For the cutting of historical index database, the cutting of historical index database just is cut into several " bulks " after final index is finished, and historical index database and new data index database are fully mutually independently.Wherein, no matter historical index database or new data index database, index data wherein all comprises: inverted index, inverted list, deletion information, numerical information, the various data such as library information.And final inverted list is divided into two, and first has been data, and second is data inferior.The differentiation of good data can grade to divide according to the numerical attribute of text relevant or document.Mention in the index database structure, the division of bad data, be not limited to two.It can be polylith.Dividing also can be a comprehensive grading.Here, for comprehensive grading, comprehensive grading can calculate comprehensive text weight according to the numerical value of text, content of text etc.
Be illustrated in figure 4 as among Fig. 3 the structural representation of Data Update in the index database, the content that discloses is: when new data index database " fritter " is expired soon, the data that " fritter " handled are inserted historical index database and emptied " fritter ", in order to restart to set up the new data index database.
Among Fig. 3, the shade of left oblique line is filled each " bulk " in the historical index database of expression; The shade that oblique line intersects is filled " fritter " of having finished dealing with in the expression new data index database; The shade of right oblique line is filled " fritter " processed in the expression new data index database.Among Fig. 4, the shade of left oblique line is filled each initial " bulk " in the historical index database of expression; Anyhow the shade that intersects is filled after expression inserts historical index database with " fritter " of having finished dealing with in the new data index database, new " bulk " in the history of forming index database; The shade that oblique line intersects is filled " fritter " of having finished dealing with in the expression new data index database after inserting historical index database, current " fritter " that empties; The shade of right oblique line is filled " fritter " processed in the expression new data index database.
For above Fig. 3, Fig. 4, the foundation of index is described below:
Suppose that Fig. 3 represents that the new data index database has been built to the 2nd " fritter ", surpassed half of 3 of total block datas.Fig. 4 represents so, and historical index database has also been set up index with the data of 0,1 in the new data index database, and has been divided into four of arrow institute cutting below Fig. 4.And 0,1 resource that has before in the new data index database can be used to set up the index of new data.So just guarantee that new data sets up the possibility of index immediately.Historical index database all sends to retrieving portion shown in Figure 1 with index data by network after the index foundation of new data index database is finished; After being sent completely,, and notifying this retrieving portion to switch to up-to-date index data and carry out retrieval service to retrieval process by the index process switching.

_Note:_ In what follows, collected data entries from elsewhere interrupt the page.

(* Let $n\geqslant 4$ be an integer and let $\alpha,\beta$ be real with $\alpha>-1$ and $n+\alpha+\beta>0$. Then the zeros of $\phi_n^{(\alpha,\beta)}$ and $\phi_{n-1}^{(\alpha,\beta)}$ are all negative and interlace non-strictly if and only if $\phi_n^{(\alpha,\beta-1)}$ has only real zeros; and they are all negative and interlace strictly if and only if $\phi_n^{(\alpha,\beta-1)}$ has only simple real zeros. Moreover, if $\phi_n^{(\alpha,\beta-1)}$ has only real zeros, then $\mathbf{zr}_1\big(\phi_{n-1}^{(\alpha,\beta)}\big)\leqslant\mathbf{zr}_1\big(\phi_{n}^{(\alpha,\beta)}\big)$.
   Context: For real $a$ and integer $m\geqslant0$, $(a)_m=a(a+1)\cdots(a+m-1)$, $(a)_0=1$. For real $\alpha,\beta$ with $\alpha>-1$, the Jacobi polynomial is $$P_n^{(\alpha,\beta)}(x)=\frac{(\alpha+1)_n}{n!}\sum_{k=0}^{n}\frac{(-n)_k(n+\alpha+\beta+1)_k}{k!\,(\alpha+1)_k}\Big(\frac{1-x}{2}\Big)^k ,$$ and $$\phi_n^{(\alpha,\beta)}(\mu)=\sum_{k=0}^{[n/2]}\Big(\tfrac{d^{2k}}{dx^{2k}}P_n^{(\alpha,\beta)}(x)\Big)\Big|_{x=1}\mu^k=\frac{(\alpha+1)_n}{n!}\sum_{k=0}^{[n/2]}\frac{(-n)_{2k}(n+\alpha+\beta+1)_{2k}}{(\alpha+1)_{2k}}\Big(\frac{\mu}{4}\Big)^k .$$ Two real polynomials $g,h$ interlace strictly if all their zeros are real, simple and mutually distinct, and between any two consecutive zeros of either polynomial there is exactly one zero of the other. They interlace non-strictly if all their zeros are real and $g/\gcd(g,h)$, $h/\gcd(g,h)$ interlace strictly. For a polynomial $p$ with real zeros, $\mathbf{zr}_i(p)$ denotes its $i$-th zero counted in order of increasing distance from the origin; $\mathbf{zr}_i(p)=-\infty$ if $\deg p<i$, and $\mathbf{zr}_0(p)=0$. *)

theory Defs
  imports "HOL-Computational_Algebra.Polynomial_Factorial" "HOL-Computational_Algebra.Field_as_Ring" "HOL-Library.Extended_Real"
begin

definition phi :: "nat \<Rightarrow> real \<Rightarrow> real \<Rightarrow> real poly" where
  "phi n a b = (\<Sum>k\<le>n div 2.
     monom (pochhammer (a + 1) n / fact n *
            (pochhammer (- real n) (2*k) * pochhammer (real n + a + b + 1) (2*k)
              / pochhammer (a + 1) (2*k)) * (1/4) ^ k) k)"

definition real_rooted :: "real poly \<Rightarrow> bool" where
  "real_rooted p \<longleftrightarrow> (\<forall>z::complex. poly (map_poly complex_of_real p) z = 0 \<longrightarrow> z \<in> \<real>)"

definition neg_zeros :: "real poly \<Rightarrow> bool" where
  "neg_zeros p \<longleftrightarrow> (\<forall>x::real. poly p x = 0 \<longrightarrow> x < 0)"

definition one_between :: "real poly \<Rightarrow> real poly \<Rightarrow> bool" where
  "one_between g h \<longleftrightarrow>
     (\<forall>a b. a < b \<and> poly g a = 0 \<and> poly g b = 0 \<and> (\<forall>x. a < x \<and> x < b \<longrightarrow> poly g x \<noteq> 0)
        \<longrightarrow> card {x. a < x \<and> x < b \<and> poly h x = 0} = 1)"

definition interlace_strict :: "real poly \<Rightarrow> real poly \<Rightarrow> bool" where
  "interlace_strict g h \<longleftrightarrow>
     real_rooted g \<and> real_rooted h \<and> rsquarefree g \<and> rsquarefree h \<and>
     (\<forall>x. \<not> (poly g x = 0 \<and> poly h x = 0)) \<and>
     one_between g h \<and> one_between h g"

definition interlace_nonstrict :: "real poly \<Rightarrow> real poly \<Rightarrow> bool" where
  "interlace_nonstrict g h \<longleftrightarrow>
     real_rooted g \<and> real_rooted h \<and>
     interlace_strict (g div gcd g h) (h div gcd g h)"

text \<open>zr p i: i-th zero (with multiplicity) in order of increasing distance from the
  origin (ties: negative zero first); -infinity if degree p < i; zr p 0 = 0.\<close>
definition zr :: "real poly \<Rightarrow> nat \<Rightarrow> ereal" where
  "zr p i = (if i = 0 then 0 else if degree p < i then -\<infinity>
             else ereal (sort_key abs (sorted_list_of_multiset (proots p)) ! (i - 1)))"

end

theory Submission
  imports Defs "HOL-Computational_Algebra.Fundamental_Theorem_Algebra"
begin

text \<open>Put \<open>f = phi n a (b - 1)\<close> and let \<open>\<theta> = \<mu> d/d\<mu>\<close> be the Euler operator.  Comparing
  coefficients gives \<open>phi n a b = f + s \<theta>f\<close> and \<open>phi (n - 1) a b = \<kappa> (f - t \<theta>f)\<close> with
  \<open>s, t, \<kappa> > 0\<close>, and all three polynomials have positive coefficients, so their real zeros
  are negative.  Conversely \<open>f\<close> is a positive combination of the two, and a combination of
  strictly interlacing polynomials is real-rooted; for the non-strict case first cancel the
  common factor.  If \<open>f\<close> is real-rooted, write \<open>f = D f0\<close> with \<open>D = gcd f f'\<close>.  Between
  consecutive zeros of \<open>f0\<close> the quotient \<open>f'/D\<close> changes sign, and the resulting sign
  changes of \<open>g/D\<close> and \<open>h/D\<close> place one zero of each, in that order, in every gap, one zero
  of \<open>g/D\<close> between the largest zero of \<open>f\<close> and \<open>0\<close>, and, when \<open>h\<close> has full degree, one
  zero of \<open>h/D\<close> below the smallest zero.  By degree counting these are all the zeros, so
  \<open>g/D\<close> and \<open>h/D\<close> interlace strictly; if \<open>f\<close> is squarefree then \<open>D = 1\<close>.  The largest
  zero of \<open>g\<close> lies beyond every zero of \<open>h\<close>, which is the statement about \<open>zr\<close>.\<close>

section \<open>Real-rooted polynomials\<close>

abbreviation cpoly :: "real poly \<Rightarrow> complex poly" where
  "cpoly p \<equiv> map_poly complex_of_real p"

lemma cpoly_mult: "cpoly (p * q) = cpoly p * cpoly q"
  by (intro poly_eqI) (simp add: coeff_map_poly coeff_mult of_real_sum)

lemma poly_cpoly_of_real: "poly (cpoly p) (of_real x) = of_real (poly p x)"
  by (induction p) (auto simp: map_poly_pCons)

lemma degree_cpoly: "degree (cpoly p) = degree p"
  by (rule degree_map_poly) simp

lemma real_rooted_mult:
  assumes "real_rooted p" "real_rooted q"
  shows "real_rooted (p * q)"
  using assms unfolding real_rooted_def by (auto simp: cpoly_mult)

lemma real_rooted_dvd:
  assumes "real_rooted p" "q dvd p" "p \<noteq> 0"
  shows "real_rooted q"
  unfolding real_rooted_def
proof (intro allI impI)
  fix z assume "poly (cpoly q) z = 0"
  moreover obtain r where "p = q * r" using assms(2) by auto
  ultimately have "poly (cpoly p) z = 0" by (simp add: cpoly_mult)
  then show "z \<in> \<real>" using assms(1) unfolding real_rooted_def by blast
qed

lemma real_rooted_degree_le_1:
  assumes "degree p \<le> 1" "p \<noteq> 0"
  shows "real_rooted p"
  unfolding real_rooted_def
proof (intro allI impI)
  fix z :: complex assume z: "poly (cpoly p) z = 0"
  show "z \<in> \<real>"
  proof (cases "degree p = 0")
    case True
    then obtain c where "p = [:c:]" by (metis degree_eq_zeroE)
    with z assms show ?thesis by (simp add: map_poly_pCons)
  next
    case False
    with assms have d1: "degree p = 1" by simp
    then have c1: "coeff p 1 \<noteq> 0" by (metis leading_coeff_0_iff one_neq_zero assms(2))
    have "poly (cpoly p) z = of_real (coeff p 0) + of_real (coeff p 1) * z"
      using d1 by (simp add: poly_altdef degree_cpoly coeff_map_poly)
    with z have "z = - of_real (coeff p 0) / of_real (coeff p 1)"
      using c1 by (simp add: field_simps add_eq_0_iff)
    then show ?thesis by simp
  qed
qed

lemma real_rooted_smult:
  assumes "real_rooted p" "c \<noteq> 0"
  shows "real_rooted (smult c p)"
proof -
  have "real_rooted [:c:]" using assms(2) by (intro real_rooted_degree_le_1) auto
  then have "real_rooted ([:c:] * p)" using real_rooted_mult assms(1) by blast
  then show ?thesis by simp
qed

lemma real_rooted_has_root:
  assumes "real_rooted p" "degree p \<ge> 1"
  shows "\<exists>x. poly p x = 0"
proof -
  have "\<not> constant (poly (cpoly p))" using assms by (simp add: constant_degree degree_cpoly)
  then obtain z where z: "poly (cpoly p) z = 0" using fundamental_theorem_of_algebra by blast
  with assms have "z \<in> \<real>" unfolding real_rooted_def by auto
  then obtain x where "z = of_real x" by (auto elim: Reals_cases)
  with z show ?thesis by (auto simp: poly_cpoly_of_real)
qed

Example four: the scheduling controlling synoptic diagram that is illustrated in figure 5 as the index reconstruction of this example; Among Fig. 5, mainly comprise: rebuild the control thread, wait for that formation is finished in reconstruction formation, reconstruction and thread rebuild in index.Wherein, rebuild the situation that the control thread is set up according to index, data what and the time interval etc. produce the task of needing reconstruction.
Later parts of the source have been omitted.